In August, 2019, David Sackler flew to Cleveland, where he presented a proposal to a coalition of public and private attorneys who were suing the company. Purdue was facing nearly three thousand lawsuits from states, cities, counties, Native American tribes, school districts, hospitals, and a host of other plaintiffs. The company had just narrowly avoided a trial by settling with the state of Oklahoma, for two hundred and seventy million dollars. But, at the time, Purdue was being sued by forty-five other states, and David Sackler offered to resolve all the cases against the company and the family in a single grand gesture. A wave of headlines reported the news: “PURDUE PHARMA OFFERS $10-12 BILLION TO SETTLE OPIOID CLAIMS.”

This seemed like a significant figure, but the headlines were misleading. According to a term sheet in which attorneys for the Sacklers and Purdue laid out the particulars of this proposed “comprehensive settlement,” the Sacklers were prepared to make a guaranteed contribution of only three billion dollars. Further funds could be secured, the family suggested, by selling its international businesses and by converting Purdue Pharma into a “public benefit corporation” that would continue to yield revenue—by selling OxyContin and other opioids—but would no longer profit the Sacklers personally.

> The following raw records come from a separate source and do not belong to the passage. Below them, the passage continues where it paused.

lemma boundary_ball_Suc_le:
  "boundary (ball mu v0 (Suc n))
     \<le> (\<Sum>x\<in>ball mu v0 (Suc n) - ball mu v0 n. \<Sum>y\<in>nbrs x. mu x y * deficit x y)"
proof -
  let ?B0 = "ball mu v0 n" and ?B1 = "ball mu v0 (Suc n)"
  have interior: "nbrs x - ?B1 = {}" if "x \<in> ?B0" for x
    using adj_in_ball_Suc[OF weighted_graph that] by blast
  have "boundary ?B1 = (\<Sum>x\<in>?B1 - ?B0. \<Sum>y\<in>nbrs x - ?B1. mu x y * deficit x y)"
    unfolding boundary_def using finite_ball[OF weighted_graph]
    by (intro sum.mono_neutral_right) (auto simp: interior)
  also have "\<dots> \<le> (\<Sum>x\<in>?B1 - ?B0. \<Sum>y\<in>nbrs x. mu x y * deficit x y)"
    using finite_nbrs mu_nonneg deficit_nonneg by (intro sum_mono sum_mono2) auto
  finally show ?thesis .
qed

lemma boundary_ball_le_W: "boundary (ball mu v0 n) \<le> W mu v0 n"
proof -
  let ?B = "ball mu v0 n"
  let ?S = "{(x, y). x \<in> ?B \<and> adj mu x y \<and> gdist mu v0 x < gdist mu v0 y}"
  have fin: "finite ?B" by (rule finite_ball[OF weighted_graph])
  have "boundary ?B \<le> (\<Sum>x\<in>?B. \<Sum>y\<in>nbrs x - ?B. mu x y)"
    unfolding boundary_def using deficit_le_1 mu_nonneg by (intro sum_mono) (simp add: mult_left_le)
  also have "\<dots> = (\<Sum>(x, y)\<in>(SIGMA x:?B. nbrs x - ?B). mu x y)"
    using fin finite_nbrs by (intro sum.Sigma) auto
  also have "\<dots> \<le> (\<Sum>(x, y)\<in>?S. mu x y)"
  proof (rule sum_mono2)
    have "?S \<subseteq> (SIGMA x:?B. nbrs x)" by auto
    then show "finite ?S" by (rule finite_subset) (simp add: fin finite_nbrs)
  qed (auto simp: ball_def mu_nonneg)
  also have "\<dots> = W mu v0 n" by (simp add: W_def)
  finally show ?thesis .
qed

lemma edge_energy_nonneg: "edge_energy B \<ge> 0"
  unfolding edge_energy_def by (intro sum_nonneg mult_nonneg_nonneg mu_nonneg pair_energy_of_u_nonneg)

lemma edge_energy_mono:
  assumes "finite C" "B \<subseteq> C"
  shows "edge_energy B \<le> edge_energy C"
proof -
  have "edge_energy B \<le> (\<Sum>x\<in>B. \<Sum>y\<in>C. mu x y * pair_energy m (u x) (u y))"
    unfolding edge_energy_def using assms mu_nonneg pair_energy_of_u_nonneg
    by (intro sum_mono sum_mono2) auto
  also have "\<dots> \<le> edge_energy C"
    unfolding edge_energy_def using assms mu_nonneg pair_energy_of_u_nonneg
    by (intro sum_mono2 sum_nonneg mult_nonneg_nonneg) auto
  finally show ?thesis .
qed

lemma edge_energy_ball_ring:
  "edge_energy (ball mu v0 n)
     + (\<Sum>x\<in>ball mu v0 (Suc n) - ball mu v0 n. \<Sum>y\<in>nbrs x. mu x y * pair_energy m (u x) (u y))
   \<le> edge_energy (ball mu v0 (Suc (Suc n)))"
proof -
  let ?B0 = "ball mu v0 n" and ?B1 = "ball mu v0 (Suc n)" and ?B2 = "ball mu v0 (Suc (Suc n))"
  define F where "F x = (\<Sum>y\<in>?B2. mu x y * pair_energy m (u x) (u y))" for x
  have fin: "finite ?B0" "finite ?B1" "finite ?B2" using finite_ball[OF weighted_graph] by auto
  have F_nonneg: "F x \<ge> 0" for x
    unfolding F_def by (intro sum_nonneg mult_nonneg_nonneg mu_nonneg pair_energy_of_u_nonneg)
  have "edge_energy ?B0 \<le> (\<Sum>x\<in>?B0. F x)"
    unfolding edge_energy_def F_def using fin mu_nonneg pair_energy_of_u_nonneg
    by (intro sum_mono sum_mono2) (auto simp: ball_def)
  moreover have "(\<Sum>x\<in>?B1 - ?B0. \<Sum>y\<in>nbrs x. mu x y * pair_energy m (u x) (u y))
      \<le> (\<Sum>x\<in>?B1 - ?B0. F x)"
  proof (intro sum_mono)
    fix x assume "x \<in> ?B1 - ?B0"
    then show "(\<Sum>y\<in>nbrs x. mu x y * pair_energy m (u x) (u y)) \<le> F x"
      unfolding F_def using fin mu_nonneg pair_energy_of_u_nonneg adj_in_ball_Suc[OF weighted_graph]
      by (intro sum_mono2) auto
  qed
  moreover have "(\<Sum>x\<in>?B0. F x) + (\<Sum>x\<in>?B1 - ?B0. F x) \<le> (\<Sum>x\<in>?B2. F x)"
  proof -
    have "(\<Sum>x\<in>?B0. F x) + (\<Sum>x\<in>?B1 - ?B0. F x) = (\<Sum>x\<in>?B1. F x)"
      using sum.subset_diff[OF ball_mono fin(2), of n F] by (simp add: add.commute)
    also have "\<dots> \<le> (\<Sum>x\<in>?B2. F x)"
      using fin F_nonneg by (intro sum_mono2) (auto simp: ball_def)
    finally show ?thesis .
  qed
  ultimately show ?thesis
    unfolding edge_energy_def[of ?B2] F_def[symmetric] by linarith
qed

lemma grad_sq: "(grad mu u x)\<^sup>2 = (\<Sum>y\<in>nbrs x. mu x y / (2 * vmeasure mu x) * (u y - u x)\<^sup>2)"
  unfolding grad_def by (intro real_sqrt_pow2 sum_nonneg) (simp add: mu_nonneg vmeasure_nonneg)

lemma grad_nonneg: "grad mu u x \<ge> 0"
  unfolding grad_def by (intro real_sqrt_ge_zero sum_nonneg) (simp add: mu_nonneg vmeasure_nonneg)

lemma edge_term_le_grad_sq:
  "y \<in> nbrs x \<Longrightarrow> mu x y / (2 * vmeasure mu x) * (u y - u x)\<^sup>2 \<le> (grad mu u x)\<^sup>2"
  unfolding grad_sq using finite_nbrs mu_nonneg vmeasure_nonneg
  by (intro member_le_sum[where f = "\<lambda>y. mu x y / (2 * vmeasure mu x) * (u y - u x)\<^sup>2"]) auto

lemma grad_le:
  assumes "c \<ge> 0" and diff: "\<And>y. y \<in> nbrs x \<Longrightarrow> \<bar>u y - u x\<bar> \<le> c"
  shows "grad mu u x \<le> c"
proof -
  have "(grad mu u x)\<^sup>2 \<le> (\<Sum>y\<in>nbrs x. mu x y / (2 * vmeasure mu x) * c\<^sup>2)"
    unfolding grad_sq
  proof (intro sum_mono mult_left_mono)
    fix y assume "y \<in> nbrs x"
    then show "(u y - u x)\<^sup>2 \<le> c\<^sup>2"
      using diff power2_le_iff_abs_le[OF assms(1)] by blast
  qed (simp add: mu_nonneg vmeasure_nonneg)
  also have "\<dots> = vmeasure mu x / (2 * vmeasure mu x) * c\<^sup>2"
    unfolding vmeasure_def[of mu x] by (simp add: sum_distrib_right sum_divide_distrib)
  also have "\<dots> \<le> c\<^sup>2"
    by (cases "vmeasure mu x = 0") simp_all
  finally show ?thesis
    using assms(1) by (rule power2_le_imp_le)
qed

lemma grad_ne_0_if_nonconstant:
  assumes "u a \<noteq> u b"
  obtains x where "grad mu u x \<noteq> 0"
proof -
  have "\<exists>x y. adj mu x y \<and> u x \<noteq> u y"
  proof (rule ccontr)
    assume "\<not> ?thesis"
    then have const: "u x = u y" if "adj mu x y" for x y
      using that by blast
    have "(adj mu)\<^sup>*\<^sup>* a b"
      using weighted_graph by (simp add: weighted_graph_def)
    then have "u a = u b"
    proof (induction rule: rtranclp_induct)
      case (step y z)
      then show ?case using const[of y z] by simp
    qed simp
    with assms show False by simp
  qed
  then obtain x y where xy: "y \<in> nbrs x" "u x \<noteq> u y" by blast
  moreover have "mu x y > 0" "vmeasure mu x > 0"
    using mu_pos[OF xy(1)] vmeasure_pos xy(1) by auto
  ultimately have "0 < mu x y / (2 * vmeasure mu x) * (u y - u x)\<^sup>2" by simp
  with edge_term_le_grad_sq[OF xy(1)] have "grad mu u x \<noteq> 0" by auto
  then show ?thesis by (rule that)
qed

end

(* The summands are the constants of the two cases of deficit_sum_le: some neighbour at least
   doubles u, or none does. *)
definition growth_const :: "real \<Rightarrow> real \<Rightarrow> real \<Rightarrow> real" where
  "growth_const p0 m q = p0 / (1 - 2 powr (1 - m)) + sqrt (2 * p0) powr q"

lemma one_le_growth_const:
  assumes "p0 \<ge> 1" "m > 1"
  shows "1 \<le> growth_const p0 m q"
proof -
  have "0 < 1 - 2 powr (1 - m)" "1 - 2 powr (1 - m) \<le> 1"
    using assms(2) by (simp_all add: powr_less_one)
  then have "p0 \<le> p0 / (1 - 2 powr (1 - m))"
    using assms(1) by (simp add: le_divide_eq)
  with assms(1) show ?thesis
    by (simp add: growth_const_def add_increasing2)
qed

locale positive_solution = positive_function_on_graph +
  fixes p q p0 :: real
  assumes cond_p0: "cond_p0 mu p0"
    and exponents: "p + q = m - 1" and p_nonneg: "p \<ge> 0" and q_ne_0: "q \<noteq> 0"
    and solves: "\<And>x. ineq_at mu m p q u x"
begin

(* u^p |grad u|^q / u^(m-1); set to 0 where grad u vanishes, which ineq_at only allows for q > 0. *)
definition source :: "'a \<Rightarrow> real" where
  "source x = (if grad mu u x = 0 then 0 else (grad mu u x / u x) powr q)"

definition energy :: "'a set \<Rightarrow> real" where
  "energy B = edge_energy B / 2 + (\<Sum>x\<in>B. vmeasure mu x * source x)"

abbreviation K :: real where
  "K \<equiv> growth_const p0 m q"

lemma p0_gt_1: "p0 > 1"
  using cond_p0 by (simp add: cond_p0_def)

lemma K_ge_1: "K \<ge> 1"
  using one_le_growth_const p0_gt_1 m_gt_1 by simp

lemma K_ge_summands: "p0 / (1 - 2 powr (1 - m)) \<le> K" "sqrt (2 * p0) powr q \<le> K"
proof -
  have "0 < 1 - 2 powr (1 - m)" using m_gt_1 by (simp add: powr_less_one)
  then show "p0 / (1 - 2 powr (1 - m)) \<le> K" "sqrt (2 * p0) powr q \<le> K"
    using p0_gt_1 by (simp_all add: growth_const_def)
qed

lemma mu_ratio_ge: "y \<in> nbrs x \<Longrightarrow> 1 / p0 \<le> mu x y / vmeasure mu x"
  using cond_p0 by (simp add: cond_p0_def)

lemma vmeasure_le_p0_mu:
  assumes "y \<in> nbrs x"
  shows "vmeasure mu x \<le> p0 * mu x y"
proof -
  have "vmeasure mu x > 0" using vmeasure_pos assms by auto
  then show ?thesis
    using mu_ratio_ge[OF assms] p0_gt_1 by (simp add: field_simps)
qed

lemma diff_le_grad:
  assumes "y \<in> nbrs x"
  shows "\<bar>u y - u x\<bar> \<le> sqrt (2 * p0) * grad mu u x"
proof -
  have "(u y - u x)\<^sup>2 / (2 * p0) = 1 / p0 * ((u y - u x)\<^sup>2 / 2)" by simp
  also have "\<dots> \<le> mu x y / vmeasure mu x * ((u y - u x)\<^sup>2 / 2)"
    using mu_ratio_ge[OF assms] by (rule mult_right_mono) simp
  also have "\<dots> \<le> (grad mu u x)\<^sup>2"
    using edge_term_le_grad_sq[OF assms] by simp
  finally have "(u y - u x)\<^sup>2 \<le> (sqrt (2 * p0) * grad mu u x)\<^sup>2"
    using p0_gt_1 by (simp add: power_mult_distrib field_simps)
  then show ?thesis
    using p0_gt_1 grad_nonneg by (simp add: power2_le_iff_abs_le)
qed

lemma source_nonneg: "source x \<ge> 0"
  by (simp add: source_def)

This was a discomfiting, and somewhat brazen, suggestion: the Sacklers were proposing to remediate the damage of the opioid crisis with funds generated by continuing to sell the drug that had initiated the crisis. At the same time, the term sheet suggested, Purdue would supply new drugs to treat opioid addiction and counteract overdoses—though the practicalities of realizing this initiative, and the Sacklers’ estimate that it would represent four billion dollars in value, remained distinctly speculative. (A family representative told me that the Sacklers want “to set aside divisive litigation based on misleading allegations to collaborate in working together to find real solutions that save lives.”)

Roughly half of the states embraced the proposal. It was a great deal of money, and many states are reeling from the costs of the opioid crisis. But other attorneys general balked, complaining that the Sacklers were not contributing enough out of pocket. When they pushed the family to make a guaranteed contribution of four and a half billion dollars, the Sacklers refused to budge. According to Josh Stein, the attorney general of North Carolina, who negotiated directly with the family, their position was “take it or leave it.”

It might seem reckless for a family facing potentially ruinous legal exposure to issue such a stark ultimatum, but the Sacklers had an important piece of leverage. Even as David Sackler was making his offer in Cleveland, Purdue Pharma was preparing to file for bankruptcy. If the company declared bankruptcy, it would leave virtually every state—and thousands of other claimants—with no choice but to fight over Purdue’s remaining assets in bankruptcy court. Mary Jo White, who still represents the Sacklers, announced, “Purdue and the Sackler family members, given this litigation landscape, would like to resolve with the plaintiffs in a constructive way to get the monies to the communities that need them.” Take the money now, she warned, or the alternative would be to “pay attorneys’ fees for years and years and years to come.”